Segment Start: Supplied information

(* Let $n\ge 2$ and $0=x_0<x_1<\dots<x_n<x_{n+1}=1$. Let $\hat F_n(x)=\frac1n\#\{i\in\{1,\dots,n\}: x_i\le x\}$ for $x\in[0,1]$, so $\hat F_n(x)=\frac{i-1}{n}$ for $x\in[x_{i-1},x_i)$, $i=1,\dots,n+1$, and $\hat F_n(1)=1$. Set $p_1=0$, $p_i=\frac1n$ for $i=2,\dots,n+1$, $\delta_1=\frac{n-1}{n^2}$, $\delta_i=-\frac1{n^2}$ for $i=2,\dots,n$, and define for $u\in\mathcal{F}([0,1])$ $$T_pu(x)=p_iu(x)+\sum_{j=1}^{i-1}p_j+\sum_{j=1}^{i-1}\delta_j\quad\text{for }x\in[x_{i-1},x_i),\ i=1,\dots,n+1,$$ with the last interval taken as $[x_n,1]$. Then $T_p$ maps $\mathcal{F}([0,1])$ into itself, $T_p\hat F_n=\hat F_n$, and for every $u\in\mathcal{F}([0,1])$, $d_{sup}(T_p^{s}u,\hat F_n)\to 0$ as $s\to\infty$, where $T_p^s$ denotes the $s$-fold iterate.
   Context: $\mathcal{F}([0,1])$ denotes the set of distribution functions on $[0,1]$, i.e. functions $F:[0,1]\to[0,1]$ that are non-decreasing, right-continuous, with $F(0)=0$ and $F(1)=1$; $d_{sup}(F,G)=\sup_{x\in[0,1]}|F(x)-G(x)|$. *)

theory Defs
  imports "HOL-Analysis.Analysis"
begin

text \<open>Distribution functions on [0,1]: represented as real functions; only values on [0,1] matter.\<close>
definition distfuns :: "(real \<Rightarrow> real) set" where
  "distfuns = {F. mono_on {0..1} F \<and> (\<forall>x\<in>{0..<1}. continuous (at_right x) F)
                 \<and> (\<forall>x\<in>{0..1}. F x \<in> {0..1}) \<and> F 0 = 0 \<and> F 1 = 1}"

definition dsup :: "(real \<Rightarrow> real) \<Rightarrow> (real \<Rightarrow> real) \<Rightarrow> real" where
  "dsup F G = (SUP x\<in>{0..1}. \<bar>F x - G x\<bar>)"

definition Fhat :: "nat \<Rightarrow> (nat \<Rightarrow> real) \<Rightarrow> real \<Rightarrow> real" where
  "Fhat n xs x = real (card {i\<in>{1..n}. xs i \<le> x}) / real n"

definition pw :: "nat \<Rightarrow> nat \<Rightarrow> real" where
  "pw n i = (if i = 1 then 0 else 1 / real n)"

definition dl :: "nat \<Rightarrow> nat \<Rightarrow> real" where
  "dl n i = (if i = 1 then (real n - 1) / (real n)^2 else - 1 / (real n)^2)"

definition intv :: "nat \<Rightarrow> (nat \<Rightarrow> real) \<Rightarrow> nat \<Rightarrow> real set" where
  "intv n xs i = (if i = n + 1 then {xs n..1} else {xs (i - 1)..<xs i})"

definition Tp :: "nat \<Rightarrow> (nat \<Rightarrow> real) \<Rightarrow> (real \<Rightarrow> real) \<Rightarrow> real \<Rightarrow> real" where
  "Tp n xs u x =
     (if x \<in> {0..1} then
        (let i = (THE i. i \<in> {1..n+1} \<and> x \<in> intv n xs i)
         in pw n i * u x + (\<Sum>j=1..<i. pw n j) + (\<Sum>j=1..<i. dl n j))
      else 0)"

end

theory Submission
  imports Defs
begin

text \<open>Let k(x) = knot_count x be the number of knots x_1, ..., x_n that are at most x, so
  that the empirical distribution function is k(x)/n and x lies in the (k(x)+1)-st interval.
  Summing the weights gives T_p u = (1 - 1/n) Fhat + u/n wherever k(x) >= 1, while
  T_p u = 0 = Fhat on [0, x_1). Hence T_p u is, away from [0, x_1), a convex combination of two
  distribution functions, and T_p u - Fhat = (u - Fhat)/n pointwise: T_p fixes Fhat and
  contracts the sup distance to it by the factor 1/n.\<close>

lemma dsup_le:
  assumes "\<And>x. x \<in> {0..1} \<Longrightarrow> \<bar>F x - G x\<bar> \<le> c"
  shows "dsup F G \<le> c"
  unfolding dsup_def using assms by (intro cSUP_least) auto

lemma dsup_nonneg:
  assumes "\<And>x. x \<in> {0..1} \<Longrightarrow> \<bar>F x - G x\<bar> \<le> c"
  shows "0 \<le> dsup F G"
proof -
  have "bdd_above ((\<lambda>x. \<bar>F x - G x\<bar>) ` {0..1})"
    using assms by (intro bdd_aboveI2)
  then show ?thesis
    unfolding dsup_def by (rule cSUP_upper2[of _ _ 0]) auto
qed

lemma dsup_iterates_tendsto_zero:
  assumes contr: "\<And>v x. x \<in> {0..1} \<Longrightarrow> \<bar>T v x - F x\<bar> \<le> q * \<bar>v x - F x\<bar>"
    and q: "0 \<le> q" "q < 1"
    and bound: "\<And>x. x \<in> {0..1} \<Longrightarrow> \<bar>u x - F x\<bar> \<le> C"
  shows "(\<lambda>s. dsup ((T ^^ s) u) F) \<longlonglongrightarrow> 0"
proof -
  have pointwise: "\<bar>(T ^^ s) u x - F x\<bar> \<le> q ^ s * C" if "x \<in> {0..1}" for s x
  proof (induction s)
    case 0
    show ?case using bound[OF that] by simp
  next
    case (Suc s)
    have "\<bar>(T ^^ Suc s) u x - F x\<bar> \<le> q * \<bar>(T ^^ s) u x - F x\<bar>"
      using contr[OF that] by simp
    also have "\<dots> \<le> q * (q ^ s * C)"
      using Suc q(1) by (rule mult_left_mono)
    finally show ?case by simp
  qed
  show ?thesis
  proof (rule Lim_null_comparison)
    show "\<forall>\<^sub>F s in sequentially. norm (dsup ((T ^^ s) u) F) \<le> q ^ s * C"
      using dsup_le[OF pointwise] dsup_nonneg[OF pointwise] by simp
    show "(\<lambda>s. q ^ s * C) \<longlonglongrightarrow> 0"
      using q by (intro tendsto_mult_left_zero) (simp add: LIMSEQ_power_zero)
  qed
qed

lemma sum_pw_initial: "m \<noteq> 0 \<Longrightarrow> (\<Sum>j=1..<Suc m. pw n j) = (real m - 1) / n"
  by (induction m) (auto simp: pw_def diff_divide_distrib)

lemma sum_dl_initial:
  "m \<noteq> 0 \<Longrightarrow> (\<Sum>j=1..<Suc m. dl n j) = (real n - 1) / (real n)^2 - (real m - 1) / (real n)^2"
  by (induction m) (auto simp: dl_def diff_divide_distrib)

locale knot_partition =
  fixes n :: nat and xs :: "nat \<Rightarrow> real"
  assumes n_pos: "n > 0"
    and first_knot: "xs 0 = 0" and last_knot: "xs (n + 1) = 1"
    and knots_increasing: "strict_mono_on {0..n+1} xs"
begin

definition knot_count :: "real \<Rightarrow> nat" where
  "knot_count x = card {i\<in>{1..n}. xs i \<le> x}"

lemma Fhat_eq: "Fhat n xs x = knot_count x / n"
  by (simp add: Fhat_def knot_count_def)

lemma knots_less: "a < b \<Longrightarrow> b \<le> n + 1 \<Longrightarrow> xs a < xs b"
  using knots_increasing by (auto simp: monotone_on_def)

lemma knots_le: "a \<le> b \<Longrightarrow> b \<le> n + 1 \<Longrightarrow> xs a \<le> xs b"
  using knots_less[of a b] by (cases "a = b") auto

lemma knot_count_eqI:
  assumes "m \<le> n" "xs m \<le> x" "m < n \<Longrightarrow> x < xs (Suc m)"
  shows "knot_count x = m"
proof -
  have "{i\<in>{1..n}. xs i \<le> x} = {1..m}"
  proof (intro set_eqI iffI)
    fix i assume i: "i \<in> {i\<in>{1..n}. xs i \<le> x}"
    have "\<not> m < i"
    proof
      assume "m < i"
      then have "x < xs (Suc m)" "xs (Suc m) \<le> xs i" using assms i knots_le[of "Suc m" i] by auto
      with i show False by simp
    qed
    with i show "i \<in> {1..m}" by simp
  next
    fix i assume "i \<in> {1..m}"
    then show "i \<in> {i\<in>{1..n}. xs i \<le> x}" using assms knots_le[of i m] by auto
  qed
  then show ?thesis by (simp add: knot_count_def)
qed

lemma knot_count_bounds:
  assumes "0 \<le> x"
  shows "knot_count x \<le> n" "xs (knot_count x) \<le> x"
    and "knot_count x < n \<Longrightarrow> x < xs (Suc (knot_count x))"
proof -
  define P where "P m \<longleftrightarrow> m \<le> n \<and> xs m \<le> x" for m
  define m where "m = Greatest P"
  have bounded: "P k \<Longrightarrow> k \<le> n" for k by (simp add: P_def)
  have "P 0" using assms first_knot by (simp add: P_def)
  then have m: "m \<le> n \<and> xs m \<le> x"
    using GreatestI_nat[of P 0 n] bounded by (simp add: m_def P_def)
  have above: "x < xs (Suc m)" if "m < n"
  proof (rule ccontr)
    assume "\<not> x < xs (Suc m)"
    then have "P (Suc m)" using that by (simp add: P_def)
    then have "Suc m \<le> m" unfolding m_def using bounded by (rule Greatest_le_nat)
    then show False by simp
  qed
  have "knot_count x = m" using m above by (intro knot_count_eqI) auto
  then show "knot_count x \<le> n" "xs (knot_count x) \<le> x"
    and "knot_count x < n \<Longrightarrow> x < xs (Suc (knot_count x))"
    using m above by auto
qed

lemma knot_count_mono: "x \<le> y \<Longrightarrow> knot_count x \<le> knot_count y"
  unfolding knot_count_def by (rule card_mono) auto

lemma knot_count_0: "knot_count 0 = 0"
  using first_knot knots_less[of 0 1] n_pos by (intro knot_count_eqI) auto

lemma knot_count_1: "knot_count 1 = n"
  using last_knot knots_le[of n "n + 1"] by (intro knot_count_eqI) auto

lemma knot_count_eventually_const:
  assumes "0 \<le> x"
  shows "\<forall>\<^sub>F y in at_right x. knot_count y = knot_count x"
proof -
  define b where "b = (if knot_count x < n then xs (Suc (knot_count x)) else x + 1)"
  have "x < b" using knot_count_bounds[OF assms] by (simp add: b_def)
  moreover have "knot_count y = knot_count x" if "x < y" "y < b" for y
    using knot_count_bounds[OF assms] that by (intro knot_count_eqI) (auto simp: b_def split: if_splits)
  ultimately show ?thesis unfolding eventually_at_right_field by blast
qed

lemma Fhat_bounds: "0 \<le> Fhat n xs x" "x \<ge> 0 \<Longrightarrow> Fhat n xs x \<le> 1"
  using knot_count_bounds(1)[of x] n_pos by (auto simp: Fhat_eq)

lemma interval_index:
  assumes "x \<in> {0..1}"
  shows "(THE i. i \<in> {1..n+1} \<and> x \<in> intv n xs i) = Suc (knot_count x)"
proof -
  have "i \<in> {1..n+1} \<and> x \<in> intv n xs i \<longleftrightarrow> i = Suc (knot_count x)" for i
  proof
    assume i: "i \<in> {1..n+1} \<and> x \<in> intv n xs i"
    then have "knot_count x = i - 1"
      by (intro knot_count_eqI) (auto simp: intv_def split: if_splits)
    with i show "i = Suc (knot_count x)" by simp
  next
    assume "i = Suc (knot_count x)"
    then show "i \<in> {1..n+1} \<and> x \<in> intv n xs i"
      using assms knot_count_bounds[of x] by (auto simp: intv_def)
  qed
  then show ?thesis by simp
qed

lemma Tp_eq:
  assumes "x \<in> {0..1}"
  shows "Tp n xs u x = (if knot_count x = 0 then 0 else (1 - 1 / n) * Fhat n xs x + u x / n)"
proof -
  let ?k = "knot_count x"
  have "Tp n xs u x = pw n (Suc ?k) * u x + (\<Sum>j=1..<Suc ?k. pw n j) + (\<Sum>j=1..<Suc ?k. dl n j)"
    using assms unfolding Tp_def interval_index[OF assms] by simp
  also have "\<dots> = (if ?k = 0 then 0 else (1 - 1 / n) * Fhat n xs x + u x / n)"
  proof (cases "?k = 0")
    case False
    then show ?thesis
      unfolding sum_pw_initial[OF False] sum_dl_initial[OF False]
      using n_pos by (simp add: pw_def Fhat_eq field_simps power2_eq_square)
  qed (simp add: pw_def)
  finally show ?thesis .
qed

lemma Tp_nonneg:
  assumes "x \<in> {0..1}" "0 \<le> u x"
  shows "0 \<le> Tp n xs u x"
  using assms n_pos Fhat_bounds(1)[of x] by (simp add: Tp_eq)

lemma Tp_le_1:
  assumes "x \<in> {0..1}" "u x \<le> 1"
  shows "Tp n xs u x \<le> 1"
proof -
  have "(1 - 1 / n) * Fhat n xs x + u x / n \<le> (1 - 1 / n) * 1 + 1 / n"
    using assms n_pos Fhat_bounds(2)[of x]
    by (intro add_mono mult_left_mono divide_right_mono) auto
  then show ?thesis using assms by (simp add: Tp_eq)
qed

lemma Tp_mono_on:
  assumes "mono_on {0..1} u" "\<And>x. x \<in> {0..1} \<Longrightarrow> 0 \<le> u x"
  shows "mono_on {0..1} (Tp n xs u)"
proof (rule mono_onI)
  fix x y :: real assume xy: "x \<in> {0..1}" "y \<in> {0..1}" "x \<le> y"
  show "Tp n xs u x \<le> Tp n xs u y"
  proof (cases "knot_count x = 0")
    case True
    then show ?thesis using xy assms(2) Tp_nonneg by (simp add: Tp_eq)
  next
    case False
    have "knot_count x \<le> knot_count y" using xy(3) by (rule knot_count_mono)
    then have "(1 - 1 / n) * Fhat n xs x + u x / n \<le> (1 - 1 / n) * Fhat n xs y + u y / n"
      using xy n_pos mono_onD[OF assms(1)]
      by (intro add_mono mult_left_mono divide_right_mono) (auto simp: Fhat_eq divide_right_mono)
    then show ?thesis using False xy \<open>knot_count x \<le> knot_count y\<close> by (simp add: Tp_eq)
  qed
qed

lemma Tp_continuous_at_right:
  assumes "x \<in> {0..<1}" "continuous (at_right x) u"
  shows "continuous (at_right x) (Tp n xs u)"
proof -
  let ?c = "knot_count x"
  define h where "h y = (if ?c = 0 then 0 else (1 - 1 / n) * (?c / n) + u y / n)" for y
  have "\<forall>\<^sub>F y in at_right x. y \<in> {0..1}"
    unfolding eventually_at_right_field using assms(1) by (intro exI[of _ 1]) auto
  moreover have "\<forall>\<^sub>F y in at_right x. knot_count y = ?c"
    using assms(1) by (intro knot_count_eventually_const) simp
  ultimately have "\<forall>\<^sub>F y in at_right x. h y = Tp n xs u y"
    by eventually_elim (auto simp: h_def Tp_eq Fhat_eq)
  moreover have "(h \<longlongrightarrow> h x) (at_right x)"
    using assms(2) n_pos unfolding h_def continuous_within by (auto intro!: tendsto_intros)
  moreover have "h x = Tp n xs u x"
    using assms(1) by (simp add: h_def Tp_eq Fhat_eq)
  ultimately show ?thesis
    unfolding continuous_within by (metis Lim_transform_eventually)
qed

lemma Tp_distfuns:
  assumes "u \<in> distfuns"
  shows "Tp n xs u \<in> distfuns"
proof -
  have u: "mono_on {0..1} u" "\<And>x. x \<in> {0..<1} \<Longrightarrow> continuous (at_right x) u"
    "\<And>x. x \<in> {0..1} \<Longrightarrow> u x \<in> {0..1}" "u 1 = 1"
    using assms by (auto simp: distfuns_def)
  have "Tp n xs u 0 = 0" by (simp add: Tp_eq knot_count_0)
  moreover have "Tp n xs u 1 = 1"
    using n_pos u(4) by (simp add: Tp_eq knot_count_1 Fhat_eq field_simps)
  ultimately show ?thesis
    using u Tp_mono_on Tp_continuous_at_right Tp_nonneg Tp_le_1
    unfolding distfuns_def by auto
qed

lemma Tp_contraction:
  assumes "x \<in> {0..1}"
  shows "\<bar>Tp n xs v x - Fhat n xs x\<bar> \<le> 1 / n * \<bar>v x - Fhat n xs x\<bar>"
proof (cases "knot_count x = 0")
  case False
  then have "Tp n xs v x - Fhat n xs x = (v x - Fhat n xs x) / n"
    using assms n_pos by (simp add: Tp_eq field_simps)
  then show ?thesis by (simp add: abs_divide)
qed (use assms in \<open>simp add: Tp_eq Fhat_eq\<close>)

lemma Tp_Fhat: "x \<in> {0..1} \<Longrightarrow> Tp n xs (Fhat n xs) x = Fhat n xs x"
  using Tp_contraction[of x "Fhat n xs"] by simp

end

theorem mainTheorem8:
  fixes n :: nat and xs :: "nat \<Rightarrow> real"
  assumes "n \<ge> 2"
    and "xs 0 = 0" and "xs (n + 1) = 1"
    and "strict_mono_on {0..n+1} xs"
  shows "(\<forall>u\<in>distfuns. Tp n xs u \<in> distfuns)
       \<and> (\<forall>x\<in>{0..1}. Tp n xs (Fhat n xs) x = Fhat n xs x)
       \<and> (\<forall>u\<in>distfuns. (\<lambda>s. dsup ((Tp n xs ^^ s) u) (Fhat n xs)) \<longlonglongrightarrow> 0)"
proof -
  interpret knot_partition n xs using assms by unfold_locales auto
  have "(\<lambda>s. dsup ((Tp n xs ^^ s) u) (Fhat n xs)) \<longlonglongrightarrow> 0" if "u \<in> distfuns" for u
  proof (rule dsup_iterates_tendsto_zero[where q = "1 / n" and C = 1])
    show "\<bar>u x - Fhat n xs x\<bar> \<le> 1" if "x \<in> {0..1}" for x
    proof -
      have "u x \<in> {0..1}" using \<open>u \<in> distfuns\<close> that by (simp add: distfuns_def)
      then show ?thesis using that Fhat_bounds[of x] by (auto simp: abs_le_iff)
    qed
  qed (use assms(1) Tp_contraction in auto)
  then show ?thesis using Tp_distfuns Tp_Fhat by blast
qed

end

Segment End: Supplied information
Segment Start: Supplied information

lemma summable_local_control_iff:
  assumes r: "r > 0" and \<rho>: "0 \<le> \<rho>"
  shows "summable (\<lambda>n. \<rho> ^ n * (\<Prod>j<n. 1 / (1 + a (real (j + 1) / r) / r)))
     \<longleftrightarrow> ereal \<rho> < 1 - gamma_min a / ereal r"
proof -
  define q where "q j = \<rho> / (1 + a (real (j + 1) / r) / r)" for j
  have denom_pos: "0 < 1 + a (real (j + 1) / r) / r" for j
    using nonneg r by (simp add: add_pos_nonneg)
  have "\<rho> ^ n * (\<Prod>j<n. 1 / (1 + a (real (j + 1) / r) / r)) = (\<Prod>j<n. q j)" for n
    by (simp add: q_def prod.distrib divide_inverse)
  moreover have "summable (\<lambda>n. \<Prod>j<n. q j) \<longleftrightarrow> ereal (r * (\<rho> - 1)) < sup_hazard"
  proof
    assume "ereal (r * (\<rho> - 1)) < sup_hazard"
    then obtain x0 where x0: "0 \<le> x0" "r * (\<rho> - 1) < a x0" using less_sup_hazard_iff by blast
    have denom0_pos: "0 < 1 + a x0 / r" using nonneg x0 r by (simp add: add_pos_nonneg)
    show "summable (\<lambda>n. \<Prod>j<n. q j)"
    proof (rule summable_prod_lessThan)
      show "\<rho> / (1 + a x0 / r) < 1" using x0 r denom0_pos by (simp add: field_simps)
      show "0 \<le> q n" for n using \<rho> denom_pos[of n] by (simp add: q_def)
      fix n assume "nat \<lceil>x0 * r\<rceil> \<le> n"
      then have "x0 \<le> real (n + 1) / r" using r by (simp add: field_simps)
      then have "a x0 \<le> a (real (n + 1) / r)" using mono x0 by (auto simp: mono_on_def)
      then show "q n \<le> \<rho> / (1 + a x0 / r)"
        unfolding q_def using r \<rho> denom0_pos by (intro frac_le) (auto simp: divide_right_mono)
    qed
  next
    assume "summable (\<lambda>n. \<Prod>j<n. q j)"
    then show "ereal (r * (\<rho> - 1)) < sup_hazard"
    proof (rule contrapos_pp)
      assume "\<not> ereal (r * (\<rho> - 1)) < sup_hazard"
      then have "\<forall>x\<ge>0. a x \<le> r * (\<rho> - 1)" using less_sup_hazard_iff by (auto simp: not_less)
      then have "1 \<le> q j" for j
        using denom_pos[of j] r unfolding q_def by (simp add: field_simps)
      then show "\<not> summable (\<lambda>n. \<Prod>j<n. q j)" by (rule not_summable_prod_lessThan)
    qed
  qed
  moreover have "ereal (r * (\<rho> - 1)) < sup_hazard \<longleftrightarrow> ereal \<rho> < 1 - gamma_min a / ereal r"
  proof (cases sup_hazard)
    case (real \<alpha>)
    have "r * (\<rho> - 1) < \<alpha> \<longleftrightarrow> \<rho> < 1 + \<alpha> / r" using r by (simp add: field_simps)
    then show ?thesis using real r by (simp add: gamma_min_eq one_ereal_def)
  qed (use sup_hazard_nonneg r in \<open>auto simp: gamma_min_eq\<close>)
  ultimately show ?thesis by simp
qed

Segment End: Supplied information

● **What the task requires**
When you reach the line with "using nonneg r" in the records above, start writing out lines exactly, and stop once the line with "by (simp add: q_def prod.distrib" has been written; include nothing else.

● **Task output**
    using nonneg r by (simp add: add_pos_nonneg)
  have "\<rho> ^ n * (\<Prod>j<n. 1 / (1 + a (real (j + 1) / r) / r)) = (\<Prod>j<n. q j)" for n
    by (simp add: q_def prod.distrib divide_inverse)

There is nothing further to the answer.